Great fish dude. Summer isn't slowing u down any. Thanks for the tip ill try it soon.


----------



## Silent Mike (Aug 9, 2009)

nice fish! i need to switch to tubes and soft jerk baits at this clear pond that is conquering my T-rig senko and crank bait strategies...time to switch it up!


----------



## Lewzer (Apr 5, 2004)

Those are some fine fish mischif!


----------



## JignPig Guide (Aug 3, 2007)

Congratulations on the biggun's. Nice job.


----------



## SMBHooker (Jan 3, 2008)

Lovely!!


----------



## Scum_Frog (Apr 3, 2009)

Awesome fish!!! Those are some Beauts!!! A tube is definitely an awesome go to lure especially in the hot of summer!!! Good job bud!! I rig mine texas style with a slip sinker on the top.....if im flipping heavy cover i'll peg the weight....if not i like to leave it so they sink seperate....tends to cause more strikes!!! Goodluck!!


----------



## mischif (Jul 14, 2006)

Yeah I have always loved using tubes in the river and lakes but when I tried the tube without a trailer, the bass just were not jumping on it anymore.
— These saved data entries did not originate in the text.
lemma dtmc_prob_prefix_exit:
  fixes X :: "nat \<Rightarrow> 'a \<Rightarrow> 'b::countable"
  assumes X: "dtmc M X A"
  shows "prob {\<omega>\<in>space M. (\<forall>t\<le>N. X t \<omega> = w t) \<and> X (Suc N) \<omega> \<noteq> v}
    = prob {\<omega>\<in>space M. X 0 \<omega> = w 0} * (\<Prod>t<N. A (w t) (w (Suc t))) * (1 - A (w N) v)"
proof -
  define w' where "w' = w(Suc N := v)"
  let ?P1 = "{\<omega>\<in>space M. \<forall>t\<le>N. X t \<omega> = w t}"
  let ?P2 = "{\<omega>\<in>space M. \<forall>t\<le>Suc N. X t \<omega> = w' t}"
  have "{\<omega>\<in>space M. (\<forall>t\<le>N. X t \<omega> = w t) \<and> X (Suc N) \<omega> \<noteq> v} = ?P1 - ?P2"
    unfolding w'_def by (auto simp: le_Suc_eq)
  moreover have "?P2 \<subseteq> ?P1" unfolding w'_def by auto
  then have "prob (?P1 - ?P2) = prob ?P1 - prob ?P2"
    by (rule finite_measure_Diff[OF dtmc_prefix_event[OF X] dtmc_prefix_event[OF X]])
  moreover have "(\<Prod>t<Suc N. A (w' t) (w' (Suc t))) = (\<Prod>t<N. A (w t) (w (Suc t))) * A (w N) v"
    unfolding w'_def by (auto intro!: prod.cong)
  then have "prob ?P2 = prob {\<omega>\<in>space M. X 0 \<omega> = w 0} * (\<Prod>t<N. A (w t) (w (Suc t))) * A (w N) v"
    using dtmc_prob_prefix[OF X, of "Suc N" w'] by (simp add: w'_def)
  ultimately show ?thesis
    using dtmc_prob_prefix[OF X, of N w] by (simp add: algebra_simps)
qed

lemma dtmc_sojourn_prob:
  fixes X :: "nat \<Rightarrow> 'a \<Rightarrow> 'b::countable"
  assumes X: "dtmc M X A" and A: "\<forall>i. A i i < 1" and r: "\<forall>k\<le>n. 1 \<le> r k"
  shows "prob {\<omega>\<in>space M. sojourn_path (\<lambda>t. X t \<omega>) s r n}
     = prob {\<omega>\<in>space M. X 0 \<omega> = s 0} * (\<Prod>k<n. jump_matrix A (s k) (s (Suc k)))
       * (\<Prod>k\<le>n. geom_law (1 - A (s k) (s k)) (r k))"
proof (cases "\<exists>k<n. s (Suc k) = s k")
  case True
  then obtain k where k: "k < n" "s (Suc k) = s k" by blast
  have "(\<Prod>k<n. jump_matrix A (s k) (s (Suc k))) = 0"
    using k by (intro prod_zero) (auto simp: jump_matrix_def intro!: bexI[of _ k])
  then show ?thesis using sojourn_path_repeated_state[OF r k] by simp
next
  case False
  then have s: "\<forall>k<n. s (Suc k) \<noteq> s k" by auto
  define N where "N = (\<Sum>j<Suc n. r j) - 1"
  define w where "w = step_path s r n"
  have "0 < r n" using r by (simp add: Suc_le_eq)
  then have N: "Suc N = (\<Sum>j<Suc n. r j)" and "(\<Sum>j<n. r j) \<le> N" unfolding N_def by simp_all
  then have "w 0 = s 0" "w N = s n"
    using step_path_eq[of 0 n r 0 s] step_path_eq[of n n r N s] r unfolding w_def
    by (simp_all add: Suc_le_eq)
  moreover have "{\<omega>\<in>space M. sojourn_path (\<lambda>t. X t \<omega>) s r n}
      = {\<omega>\<in>space M. (\<forall>t\<le>N. X t \<omega> = w t) \<and> X (Suc N) \<omega> \<noteq> s n}"
    using sojourn_path_iff_step_path[OF r s] unfolding N[symmetric] w_def[symmetric]
    by (auto simp: less_Suc_eq_le)
  moreover have "(\<Prod>t<N. A (w t) (w (Suc t)))
      = (\<Prod>k<n. A (s k) (s (Suc k))) * (\<Prod>k\<le>n. A (s k) (s k) ^ (r k - 1))"
    unfolding N_def w_def by (rule prod_step_path[OF r order.refl])
  ultimately show ?thesis
    using dtmc_prob_prefix_exit[OF X, of N w "s n"] jump_geom_factorization[of A n s r, OF A s r]
    by (simp add: ac_simps)
qed
(* Let $u\in A^{\mathbb{N}}$ and $x\in\mathbb{P}\mathbb{R}_+^d$. If the worm $W(u)$ has non-empty interior for the topology $\mathcal{T}_x$, then $\pi_x(W(u))$ is bounded.
   Context: $A=\{0,\dots,d\}$, $h(y)=\sum_iy_i$, $P=\{h=0\}\subseteq\mathbb{R}^{d+1}$. $\mathbb{P}\mathbb{R}_+^d$ is the set of positive directions, $v(x)$ the $\ell^1$-normalized representative, $\pi_x(z)=z-h(z)v(x)$. $\mathbb{H}=\{z\in\mathbb{Z}^{d+1}:h(z)\ge0\}$; $\mathcal{T}_x$ is the topology on $\mathbb{H}$ whose open sets are $\pi_x^{-1}(U)\cap\mathbb{H}$ with $U\subseteq P$ open. $W(u)=\{\mathrm{ab}(p):p\text{ finite prefix of }u\}$, $\mathrm{ab}(p)$ counting letters. *)

theory Defs
  imports "HOL-Analysis.Analysis"
begin

text \<open>The alphabet A = {0,...,d} is modelled by a finite type 'a (so d+1 = CARD('a)).
  Vectors of R^{d+1} are real^'a, those of Z^{d+1} are int^'a.\<close>

definition hsum :: "real^'a::finite \<Rightarrow> real" where
  "hsum y = (\<Sum>i\<in>UNIV. y $ i)"

definition hsum_int :: "int^'a::finite \<Rightarrow> int" where
  "hsum_int z = (\<Sum>i\<in>UNIV. z $ i)"

definition Pplane :: "(real^'a::finite) set" where
  "Pplane = {y. hsum y = 0}"

text \<open>Points of the projective set of positive directions are represented by
  nonzero vectors with nonnegative coordinates.\<close>
definition pos_dir :: "real^'a::finite \<Rightarrow> bool" where
  "pos_dir x \<longleftrightarrow> (\<forall>i. 0 \<le> x $ i) \<and> x \<noteq> 0"

definition vrep :: "real^'a::finite \<Rightarrow> real^'a" where
  "vrep x = (1 / (\<Sum>i\<in>UNIV. \<bar>x $ i\<bar>)) *\<^sub>R x"

definition proj :: "real^'a::finite \<Rightarrow> real^'a \<Rightarrow> real^'a" where
  "proj x z = z - hsum z *\<^sub>R vrep x"

definition rvec :: "int^'a::finite \<Rightarrow> real^'a" where
  "rvec z = (\<chi> i. of_int (z $ i))"

definition Hset :: "(int^'a::finite) set" where
  "Hset = {z. hsum_int z \<ge> 0}"

definition Tx :: "real^'a::finite \<Rightarrow> (int^'a) topology" where
  "Tx x = pullback_topology Hset (\<lambda>z. proj x (rvec z)) (top_of_set Pplane)"

definition ab :: "'a::finite list \<Rightarrow> int^'a" where
  "ab p = (\<chi> i. int (count_list p i))"

definition worm :: "(nat \<Rightarrow> 'a::finite) \<Rightarrow> (int^'a) set" where
  "worm u = {ab (map u [0..<n]) | n. True}"

end

theory Submission
  imports Defs
begin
Maybe they like seeing that bigger profile with the added trailer, plus it is something they haven't really seen because the overall look is different. (looks kind of stupid)


----------



## Silent Mike (Aug 9, 2009)

mischif said:


> Yeah I have always loved using tubes in the river and lakes but when I tried the tube without a trailer, the bass just were not jumping on it anymore. Maybe they like seeing that bigger profile with the added trailer, plus it is something they haven't really seen because the overall look is different. (looks kind of stupid)


like a small crawfish trailer?


----------



## Tokugawa (Apr 29, 2008)

Good job dude


----------



## mischif (Jul 14, 2006)

Silent Mike said:


> like a small crawfish trailer?


yeah pretty much, it just adds more profile. My absolute favorite trailers are not even trailers at all. I use the yamamoto creature baits and tear them in half. I get double the use out of one package.


----------



## lordofthepunks (Feb 24, 2009)

i think youre low on the poundage, those are clearly 11 lbers.


----------



## Silent Mike (Aug 9, 2009)

mischif said:


> yeah pretty much, it just adds more profile. My absolute favorite trailers are not even trailers at all. I use the yamamoto creature baits and tear them in half. I get double the use out of one package.


i thnk i am going to try that tonight...i have some small purple craw trailers and some pumpkin seed tubes...going to trim up the trailers and it should be some good contrast


----------



## mischif (Jul 14, 2006)

lordofthepunks said:


> i think youre low on the poundage, those are clearly 11 lbers.


hahaha I was just being modest


----------



## Luda024 (Aug 28, 2011)

Call me a noob, but what are these trailer you guys are talking about?


Sent from my iPhone using Tapatalk


----------



## Silent Mike (Aug 9, 2009)

Luda024 said:


> Call me a noob, but what are these trailer you guys are talking about?
> 
> 
> Sent from my iPhone using Tapatalk


something like this:










they go on bass jigs


----------



## USMC_Galloway (May 13, 2011)

Lake Fork makes something like that called "Craw Tube" I have been using them this past few weeks for smallies. 

Also those are some really nice looking fish, I see no hate in this thread!!


----------



## streamstalker (Jul 8, 2005)

USMC_Galloway said:


> Lake Fork makes something like that called "Craw Tube" I have been using them this past few weeks for smallies.
> 
> Also those are some really nice looking fish, I see no hate in this tread!!


I hate that crawtube...ugliest thing I've ever seen.


----------



## mischif (Jul 14, 2006)

never heard of lake forks craw tube, I am going to look it up right now


----------



## selfproclaim (May 19, 2011)

Trigger X has the Hodad, actually a tube with long tentacles. Pretty cool looking and fits this post.

DC


----------



## mischif (Jul 14, 2006)

putting the trailer on a tube gives a way different profile than that lake fork craw tube but it is still clever


----------